Estructurada en tres partes, encontramos en Wormhole un primer y tercer acto que van de la mano, hilados para conformar la historia principal. Ojo, principal no significa más importante. El segundo acto es un relato que aparece en la novela, un cuento perverso titulado Hateful blues. Y es vertebral. He utilizado la palabra retroalimentación, y aquí la historia principal y la historia vertebral se enredan como si participaran en un curioso y travieso juego sexual.

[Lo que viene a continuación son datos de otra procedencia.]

lemma lie_iso_of_structure_constants:
  fixes sm1 :: "complex \<Rightarrow> 'a::ab_group_add \<Rightarrow> 'a" and sm2 :: "complex \<Rightarrow> 'b::ab_group_add \<Rightarrow> 'b"
  assumes "lie_algebra sm1 br1" "lie_algebra sm2 br2"
    and "inj_on b1 A" "\<not> module.dependent sm1 (b1 ` A)" "module.span sm1 (b1 ` A) = UNIV"
    and "inj_on b2 A" "\<not> module.dependent sm2 (b2 ` A)" "module.span sm2 (b2 ` A) = UNIV"
    and br1_b1: "\<And>i k. i \<in> A \<Longrightarrow> k \<in> A \<Longrightarrow> br1 (b1 i) (b1 k) = (\<Sum>l\<in>A. sm1 (c i k l) (b1 l))"
    and br2_b2: "\<And>i k. i \<in> A \<Longrightarrow> k \<in> A \<Longrightarrow> br2 (b2 i) (b2 k) = (\<Sum>l\<in>A. sm2 (c i k l) (b2 l))"
  shows "\<exists>f. lie_iso sm1 br1 sm2 br2 f"
proof -
  interpret L1: complex_lie_algebra sm1 br1 using assms(1) by unfold_locales
  interpret L2: complex_lie_algebra sm2 br2 using assms(2) by unfold_locales
  interpret vector_space_pair sm1 sm2 by unfold_locales
  obtain f where lin_f: "Vector_Spaces.linear sm1 sm2 f" and "bij f"
    and f_b1: "\<And>i. i \<in> A \<Longrightarrow> f (b1 i) = b2 i"
    using linear_bij_mapping_basis[OF L1.vector_space_axioms L2.vector_space_axioms assms(3-8)]
    by blast
  have "f (br1 u v) = br2 (f u) (f v)" for u v
  proof (rule bilinear_eq_on_span[OF L1.vector_space_axioms L2.vector_space_axioms assms(5)])
    show "Vector_Spaces.linear sm1 sm2 (\<lambda>v. f (br1 u v))"
      "Vector_Spaces.linear sm1 sm2 (\<lambda>u. f (br1 u v))" for u v
      using Vector_Spaces.linear_compose[OF L1.linear_br_right lin_f]
        Vector_Spaces.linear_compose[OF L1.linear_br_left lin_f] by (simp_all add: comp_def)
    show "Vector_Spaces.linear sm1 sm2 (\<lambda>v. br2 (f u) (f v))"
      "Vector_Spaces.linear sm1 sm2 (\<lambda>u. br2 (f u) (f v))" for u v
      using Vector_Spaces.linear_compose[OF lin_f L2.linear_br_right]
        Vector_Spaces.linear_compose[OF lin_f L2.linear_br_left] by (simp_all add: comp_def)
  next
    fix u v assume "u \<in> b1 ` A" "v \<in> b1 ` A"
    then obtain i k where ik: "i \<in> A" "k \<in> A" and uv: "u = b1 i" "v = b1 k" by blast
    have "f (br1 u v) = (\<Sum>l\<in>A. sm2 (c i k l) (f (b1 l)))"
      unfolding uv br1_b1[OF ik] linear_sum[OF lin_f] linear_scale[OF lin_f] ..
    also have "\<dots> = (\<Sum>l\<in>A. sm2 (c i k l) (b2 l))"
      by (rule sum.cong) (simp_all add: f_b1)
    also have "\<dots> = br2 (f u) (f v)"
      unfolding uv f_b1[OF ik(1)] f_b1[OF ik(2)] br2_b2[OF ik] ..
    finally show "f (br1 u v) = br2 (f u) (f v)" .
  qed
  with lin_f \<open>bij f\<close> show ?thesis
    unfolding lie_iso_def by blast
qed

section \<open>The Heisenberg algebra in coordinates\<close>

definition vscale :: "complex \<Rightarrow> (nat \<Rightarrow> complex) \<Rightarrow> nat \<Rightarrow> complex" where
  "vscale c u = (\<lambda>i. c * u i)"

definition unit_vec :: "nat \<Rightarrow> nat \<Rightarrow> complex" where
  "unit_vec k = (\<lambda>i. if i = k then 1 else 0)"
(* Let $I_1,I_2,I_3\ge2$ and $R\ge1$. If the real $R$-term CPD of $I_1\times I_2\times I_3$ tensors is generically unique, then the $R$-term additive polynomial model $(\mu_R,\Theta_1^R)$ with $\Theta_1=\mathbb{R}^{I_1+I_2+I_3-2}$ and base map $$\mu_1(\lambda,\underline{\mathbf{a}},\underline{\mathbf{b}},\underline{\mathbf{c}})=\mathrm{vec}\Big(\lambda\begin{bmatrix}\underline{\mathbf{a}}\\1\end{bmatrix}\circ\begin{bmatrix}\underline{\mathbf{b}}\\1\end{bmatrix}\circ\begin{bmatrix}\underline{\mathbf{c}}\\1\end{bmatrix}\Big),\qquad \lambda\in\mathbb{R},\ \underline{\mathbf{a}}\in\mathbb{R}^{I_1-1},\ \underline{\mathbf{b}}\in\mathbb{R}^{I_2-1},\ \underline{\mathbf{c}}\in\mathbb{R}^{I_3-1},$$ is identifiable.
   Context: Generic uniqueness of the real $R$-term CPD: for all $(\boldsymbol\lambda,\mathbf{A},\mathbf{B},\mathbf{C})\in\mathbb{R}^R\times\mathbb{R}^{I_1\times R}\times\mathbb{R}^{I_2\times R}\times\mathbb{R}^{I_3\times R}$ outside a Lebesgue-null set, every other $R$-term decomposition of $\sum_r\lambda_r\mathbf{a}_r\circ\mathbf{b}_r\circ\mathbf{c}_r$ is obtained by permutation of terms and rescaling of the factors within each term. Additive model: given a base polynomial map $\mu_1:\Theta_1\to\mathbb{R}^S$, the $R$-term model is $\mu_R(\theta_1,\dots,\theta_R)=\mu_1(\theta_1)+\cdots+\mu_1(\theta_R)$ on $\Theta_1^R$. It is identifiable if for all $\theta\in\Theta_1^R$ outside a Lebesgue-null set, every $\theta'\in\Theta_1^R$ with $\mu_R(\theta')=\mu_R(\theta)$ is obtained from $\theta$ by permuting the blocks $\theta_r$ and replacing blocks by $\theta'_r$ with $\mu_1(\theta'_r)=\mu_1(\theta_r)$. *)

theory Defs
  imports "HOL-Analysis.Analysis"
begin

En ese experimento se desvela una muestra de la falta de misericordia de la que la prosa de Aragonés hace gala, hurgando en zonas cálidas y normalmente inaccesibles de la moral y el ánimo humanos. La truculencia, por momentos exacerbada, se revela aquí tan exterior como interior, escupiendo a la cara del lector la podredumbre del alma humana. En este sentido, ciertos pasajes podrían emparentarse con obras tan extremas como A serbian film, aunque más a nivel conceptual que realmente repulsivo. El efecto, de nuevo, es fascinante.
Pero que no piense el lector que estamos ante una obra splatterpunk o gore, no. Aquí se juega con otros códigos. El autor, trasunto de sí mismo a distintos niveles en la novela, salpica aquí y allá con momentos de un intimismo brutal (aunque parezcan términos incompatibles, se complementan de un modo sensacional en manos de Daniel) que se alza con dos logros importantes: por un lado, aligera la carga de intensidad y de catarsis con lo extraño; por otro, nos ancla a una realidad que podemos reconocer y con la que podemos sentirnos vivos, un estado que nos prepara para la desolación de otros pasajes.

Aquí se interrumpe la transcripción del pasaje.